As her health improved Lucy was able to complete her degree, going on to work as an illustrator. But a yearning for painting and passion for garden life persisted. Lucy described another turning point, following a meeting with a successful carpet designer that she was set to work with. The designer told Lucy that she wouldn’t be an artist without marrying someone rich and that he would only collaborate if she found a buyer for one of his pieces. Understandably enraged and tired of waiting for the assistance of others to help launch her career, it inspired Lucy to take the plunge and work towards her first solo exhibition. Lucy rented a gallery space in Bath and invited everyone that had ever expressed an interest in her art, along with people she admired for their own work. The exhibition consisted of 500 drawings of different flowers, all created over the course of a single summer. These inky impressions were each made in one swift take, mirroring the fleeting liveliness of the organic forms that they portray. The exhibition was a great success, followed by shows in Japan and San Francisco, along with commissions to draw in private gardens. Lucy resourcefully put the proceeds from this first solo show towards the purchase of her studio.
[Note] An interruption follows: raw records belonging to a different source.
lemma closed_c0_bcontfun: "closed (c0_bcontfun :: (nat \<Rightarrow>\<^sub>C 'a::real_normed_vector) set)"
proof (rule closed_sequential_limits[THEN iffD2], intro allI impI, elim conjE)
  fix f :: "nat \<Rightarrow> nat \<Rightarrow>\<^sub>C 'a" and l
  assume f: "\<forall>n. f n \<in> c0_bcontfun" and l: "f \<longlonglongrightarrow> l"
  show "l \<in> c0_bcontfun"
    unfolding c0_bcontfun_def
  proof (simp, rule LIMSEQ_I)
    fix e :: real assume e: "0 < e"
    obtain n where n: "dist (f n) l < e/2"
      using metric_LIMSEQ_D[OF l, of "e/2"] e by auto
    obtain K where K: "\<And>k. k \<ge> K \<Longrightarrow> norm (apply_bcontfun (f n) k) < e/2"
      using f LIMSEQ_D[of _ 0 "e/2"] e by (fastforce simp: c0_bcontfun_def)
    show "\<exists>K. \<forall>k\<ge>K. norm (apply_bcontfun l k - 0) < e"
    proof (intro exI allI impI)
      fix k assume "k \<ge> K"
      have "dist (apply_bcontfun (f n) k) (apply_bcontfun l k) \<le> dist (f n) l"
        by (rule dist_bounded)
      hence "norm (apply_bcontfun l k) \<le> norm (apply_bcontfun (f n) k) + dist (f n) l"
        by (metis dist_norm norm_minus_commute norm_triangle_sub order_trans add_left_mono)
      thus "norm (apply_bcontfun l k - 0) < e" using K[OF \<open>k \<ge> K\<close>] n by simp
    qed
  qed
qed

lemma Bcontfun_c0:
  fixes y :: "nat \<Rightarrow> 'a::real_normed_vector"
  assumes "y \<longlonglongrightarrow> 0"
  shows "apply_bcontfun (Bcontfun y) = y" and "Bcontfun y \<in> c0_bcontfun"
    and "(\<And>k. norm (y k) \<le> 1) \<Longrightarrow> norm (Bcontfun y) \<le> 1"
proof -
  have "bounded (range y)" using assms by (rule convergent_imp_bounded)
  hence "y \<in> bcontfun" by (simp add: bcontfun_def Topological_Spaces.continuous_on_discrete)
  thus y: "apply_bcontfun (Bcontfun y) = y" by (rule Bcontfun_inverse)
  show "Bcontfun y \<in> c0_bcontfun" using assms by (simp add: c0_bcontfun_def y)
  show "norm (Bcontfun y) \<le> 1" if "\<And>k. norm (y k) \<le> 1"
    by (rule norm_bound) (simp add: y that)
qed

text \<open>\<open>nat\<close> is not a \<open>metric_space\<close>, so the library's \<open>complete_space\<close> instance of
  \<open>bcontfun\<close> does not apply here.\<close>

lemma complete_bcontfun_nat: "complete (UNIV :: (nat \<Rightarrow>\<^sub>C 'a::banach) set)"
  unfolding complete_def
proof (intro allI impI, elim conjE)
  fix f :: "nat \<Rightarrow> (nat \<Rightarrow>\<^sub>C 'a)"
  assume "Cauchy f"
  then obtain g where g: "uniform_limit UNIV f g sequentially"
    using uniformly_convergent_eq_cauchy[of "\<lambda>_. True" f]
    unfolding Cauchy_def uniform_limit_sequentially_iff
    by (metis dist_fun_lt_imp_dist_val_lt)
  have "bounded (range g)"
    by (rule uniform_limit_bounded[OF g]) (auto intro!: always_eventually)
  hence "g \<in> bcontfun" by (simp add: bcontfun_def)
  hence "f \<longlonglongrightarrow> Bcontfun g"
    by (intro uniform_limit_tendsto_bcontfun) (use g Bcontfun_inverse in metis)
  thus "\<exists>l\<in>UNIV. f \<longlonglongrightarrow> l" by blast
qed

lemma completely_metrizable_c0_bcontfun:
  "completely_metrizable_space (top_of_set (c0_bcontfun :: (nat \<Rightarrow>\<^sub>C 'a::banach) set))"
proof -
  have "completely_metrizable_space (euclidean :: (nat \<Rightarrow>\<^sub>C 'a) topology)"
    using Met_TC.completely_metrizable_space_mtopology complete_bcontfun_nat by auto
  moreover have "closedin euclidean (c0_bcontfun :: (nat \<Rightarrow>\<^sub>C 'a) set)"
    using closed_c0_bcontfun closed_closedin by blast
  ultimately show ?thesis by (rule completely_metrizable_space_closedin)
qed

lemma Baire_c0_bcontfun:
  fixes T :: "nat \<Rightarrow> (nat \<Rightarrow>\<^sub>C 'a::banach) set"
  assumes closed: "\<And>M. closedin (top_of_set c0_bcontfun) (T M)"
    and cover: "\<Union>(range T) = c0_bcontfun"
  shows "\<exists>M f e. f \<in> c0_bcontfun \<and> e > 0 \<and> ball f e \<inter> c0_bcontfun \<subseteq> T M"
proof -
  have "\<exists>M. (top_of_set c0_bcontfun) interior_of T M \<noteq> {}"
  proof (rule ccontr)
    assume "\<not> ?thesis"
    hence "(top_of_set c0_bcontfun) interior_of \<Union>(range T) = {}"
      using completely_metrizable_c0_bcontfun closed by (intro Baire_category_alt) auto
    moreover have "(top_of_set c0_bcontfun) interior_of \<Union>(range T) = c0_bcontfun"
      using cover interior_of_topspace[of "top_of_set (c0_bcontfun :: (nat \<Rightarrow>\<^sub>C 'a) set)"] by simp
    moreover have "(0 :: nat \<Rightarrow>\<^sub>C 'a) \<in> c0_bcontfun" by (simp add: c0_bcontfun_def)
    ultimately show False by simp
  qed
  then obtain M f where f: "f \<in> (top_of_set c0_bcontfun) interior_of T M" by blast
  have "openin (top_of_set c0_bcontfun) ((top_of_set c0_bcontfun) interior_of T M)"
    by (rule openin_interior_of)
  then obtain e where "e > 0" "ball f e \<inter> c0_bcontfun \<subseteq> (top_of_set c0_bcontfun) interior_of T M"
    using f by (subst (asm) openin_contains_ball) blast
  moreover have "f \<in> c0_bcontfun"
    using f interior_of_subset_topspace[of "top_of_set c0_bcontfun" "T M"] by auto
  moreover have "(top_of_set c0_bcontfun) interior_of T M \<subseteq> T M"
    by (rule interior_of_subset)
  ultimately show ?thesis by blast
qed
(* Let $a<b$, let $p,q\in[1,\infty]$ be conjugate exponents, and let $f\colon[a,b]\to\mathbb{R}$ be absolutely continuous with $f'\in L^p([a,b])$. Define $E_1(f)=\int_a^b f(x)\,dx-\frac{b-a}{2}[f(a)+f(b)]$. Then $$|E_1(f)|\leq \begin{cases}\frac12\|f'\|_1(b-a), & p=1,\\ \frac12\left(\frac{1}{q+1}\right)^{1/q}\|f'\|_p(b-a)^{1+1/q}, & 1<p<\infty,\\ \frac14\|f'\|_\infty(b-a)^2, & p=\infty,\end{cases}$$ and these estimates are sharp: in each case the coefficient of the norm of $f'$ cannot be reduced.
   Context: Norms are Lebesgue $L^p$ norms over $[a,b]$ ($\|\cdot\|_\infty$ is the essential supremum). Conjugate exponents satisfy $1/p+1/q=1$ with $1/\infty=0$. *)

theory Defs
  imports "HOL-Analysis.Analysis"
begin

definition abs_continuous_on :: "real \<Rightarrow> real \<Rightarrow> (real \<Rightarrow> real) \<Rightarrow> bool" where
  "abs_continuous_on a b f \<longleftrightarrow>
     (\<forall>\<epsilon>>0. \<exists>\<delta>>0. \<forall>(n::nat) (x::nat \<Rightarrow> real) (y::nat \<Rightarrow> real).
        (\<forall>i<n. a \<le> x i \<and> x i \<le> y i \<and> y i \<le> b) \<and>
        (\<forall>i<n. \<forall>j<n. i \<noteq> j \<longrightarrow> y i \<le> x j \<or> y j \<le> x i) \<and>
        (\<Sum>i<n. y i - x i) < \<delta>
        \<longrightarrow> (\<Sum>i<n. \<bar>f (y i) - f (x i)\<bar>) < \<epsilon>)"

definition conjugate_exponents :: "ereal \<Rightarrow> ereal \<Rightarrow> bool" where
  "conjugate_exponents p q \<longleftrightarrow>
     (p = 1 \<and> q = \<infinity>) \<or> (p = \<infinity> \<and> q = 1) \<or>
     (1 < p \<and> p < \<infinity> \<and> 1 < q \<and> q < \<infinity> \<and>
      1 / real_of_ereal p + 1 / real_of_ereal q = 1)"

definition memLp :: "ereal \<Rightarrow> real \<Rightarrow> real \<Rightarrow> (real \<Rightarrow> real) \<Rightarrow> bool" where
  "memLp p a b g \<longleftrightarrow> g \<in> borel_measurable (lebesgue_on {a..b}) \<and>
     (if p = \<infinity> then (\<exists>C. AE x in lebesgue_on {a..b}. \<bar>g x\<bar> \<le> C)
      else integrable (lebesgue_on {a..b}) (\<lambda>x. \<bar>g x\<bar> powr real_of_ereal p))"

definition Lp_norm :: "ereal \<Rightarrow> real \<Rightarrow> real \<Rightarrow> (real \<Rightarrow> real) \<Rightarrow> real" where
  "Lp_norm p a b g =
     (if p = \<infinity> then Inf {C. 0 \<le> C \<and> (AE x in lebesgue_on {a..b}. \<bar>g x\<bar> \<le> C)}
      else (integral\<^sup>L (lebesgue_on {a..b}) (\<lambda>x. \<bar>g x\<bar> powr real_of_ereal p))
             powr (1 / real_of_ereal p))"

definition E1 :: "real \<Rightarrow> real \<Rightarrow> (real \<Rightarrow> real) \<Rightarrow> real" where
  "E1 a b f = integral {a..b} f - (b - a) / 2 * (f a + f b)"

definition trap_coeff :: "ereal \<Rightarrow> ereal \<Rightarrow> real" where
  "trap_coeff p q =
     (if p = 1 then 1/2
      else if p = \<infinity> then 1/4
      else 1/2 * (1 / (real_of_ereal q + 1)) powr (1 / real_of_ereal q))"

definition trap_expo :: "ereal \<Rightarrow> ereal \<Rightarrow> real" where
  "trap_expo p q =
     (if p = 1 then 1
      else if p = \<infinity> then 2
      else 1 + 1 / real_of_ereal q)"

end

theory Submission
  imports Defs
begin

text \<open>Integration by parts against the Peano kernel \<open>x - (a + b) / 2\<close> gives
  \<open>E1 a b f = - \<integral>\<^sub>a\<^sup>b (x - (a + b) / 2) f' x dx\<close>, so \<open>|E1 a b f|\<close> is at most the integral of
  \<open>|x - (a + b) / 2| |f'|\<close>, which H\<ouml>lder's inequality bounds by the \<open>L\<^sup>q\<close> norm of the kernel times
  the \<open>L\<^sup>p\<close> norm of \<open>f'\<close>. The functions \<open>|x - (a + b) / 2|\<^sup>r / r\<close> show sharpness: for \<open>r = q\<close>
  their derivative attains equality in H\<ouml>lder's inequality, \<open>r = 1\<close> attains the bound for
  \<open>p = \<infinity>\<close>, and as \<open>r \<rightarrow> \<infinity>\<close> they approach the bound for \<open>p = 1\<close>. Integration by parts needs the
  fundamental theorem of calculus for absolutely continuous functions, proved by a gauge integral
  argument.\<close>

section \<open>Absolute continuity\<close>

lemma abs_continuous_on_imp_continuous_on:
  assumes "abs_continuous_on a b f"
  shows "continuous_on {a..b} f"
  unfolding continuous_on_iff
proof (intro ballI allI impI)
  fix x e :: real assume x: "x \<in> {a..b}" and "0 < e"
  then obtain d where "d > 0" and d: "\<forall>(n::nat) u v. (\<forall>i<n. a \<le> u i \<and> u i \<le> v i \<and> v i \<le> b) \<and>
      (\<forall>i<n. \<forall>j<n. i \<noteq> j \<longrightarrow> v i \<le> u j \<or> v j \<le> u i) \<and> (\<Sum>i<n. v i - u i) < d
      \<longrightarrow> (\<Sum>i<n. \<bar>f (v i) - f (u i)\<bar>) < e"
    using assms unfolding abs_continuous_on_def by blast
  have close: "\<bar>f t - f s\<bar> < e" if "a \<le> s" "s \<le> t" "t \<le> b" "t - s < d" for s t
    using d[rule_format, of 1 "\<lambda>_. s" "\<lambda>_. t"] that by auto
  show "\<exists>d>0. \<forall>y\<in>{a..b}. dist y x < d \<longrightarrow> dist (f y) (f x) < e"
  proof (intro exI conjI ballI impI)
    fix y assume "y \<in> {a..b}" "dist y x < d"
    then show "dist (f y) (f x) < e"
      using close[of x y] close[of y x] x by (cases "x \<le> y") (auto simp: dist_real_def abs_minus_commute)
  qed (fact \<open>d > 0\<close>)
qed
(* Every virtually solvable subgroup of $PL_o(I)$ is solvable.
   Context: $PL_o(I)$ is the group of orientation-preserving piecewise-linear homeomorphisms of $I=[0,1]$ with finitely many breaks in slope. *)

theory Defs
  imports "HOL-Analysis.Analysis" "HOL-Algebra.Solvable_Groups" "HOL-Algebra.Coset"
begin

text \<open>Elements are represented as functions real => real that are the
identity outside [0,1], so that composition gives a group with identity id.\<close>

definition PL_homeo_I :: "(real \<Rightarrow> real) \<Rightarrow> bool" where
  "PL_homeo_I f \<longleftrightarrow>
     continuous_on {0..1} f \<and>
     strict_mono_on {0..1} f \<and>
     f 0 = 0 \<and> f 1 = 1 \<and>
     (\<exists>S. finite S \<and>
        (\<forall>a b. 0 \<le> a \<and> a < b \<and> b \<le> 1 \<and> {a<..<b} \<inter> S = {} \<longrightarrow>
           (\<exists>m c. \<forall>x\<in>{a..b}. f x = m * x + c))) \<and>
     (\<forall>x. x \<notin> {0..1} \<longrightarrow> f x = x)"

definition PLoI :: "(real \<Rightarrow> real) monoid" where
  "PLoI = \<lparr>carrier = {f. PL_homeo_I f}, mult = (\<circ>), one = id\<rparr>"

definition virtually_solvable :: "('a, 'b) monoid_scheme \<Rightarrow> bool" where
  "virtually_solvable G \<longleftrightarrow>
     (\<exists>K. subgroup K G \<and> finite (rcosets\<^bsub>G\<^esub> K) \<and> solvable (G\<lparr>carrier := K\<rparr>))"

end

theory Submission
  imports Defs
begin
By mid afternoon the sun was beginning to retreat and we decided to make tracks for the studio. The car beetled along winding country roads between the wrinkled fields that spread out around the city. Bath seemed to sit at the bottom of a deep bowl of rising pastureland. Lucy’s work celebrates the beauty of this rural landscape and I questioned whether she has always felt such a strong connection to it. ‘Yes, we have always lived in the countryside. My bedroom looks out across the trees. I couldn’t have it any other way.’ We turned down a track where the shaded cushions of hedgerows curved towards an old stone farmhouse and corrugated barn. ‘I first came here as two tree surgeons who rent the tractor barn had a small room at the back which they said I could rent’ Lucy explained. ‘We met at the pub where I worked. I had mentioned to the locals that I needed a studio and then these guys popped in one day and said they had a place. I just had to be introduced to Mr Rittner first, who owned the barn and land. His mother had loved to paint and he thought it would be nice to have an artist on site. So that’s how I came to be here’. We parked opposite the farmhouse where a group of Mr Rittner’s family and friends were enjoying nibbles around tables laid out across the courtyard. The party turned out to be a syndicate of local farmers dressed head to toe in classic English country attire ready for a pheasant shoot. We all waved friendly hellos before Lucy and I approached the adjacent meadow.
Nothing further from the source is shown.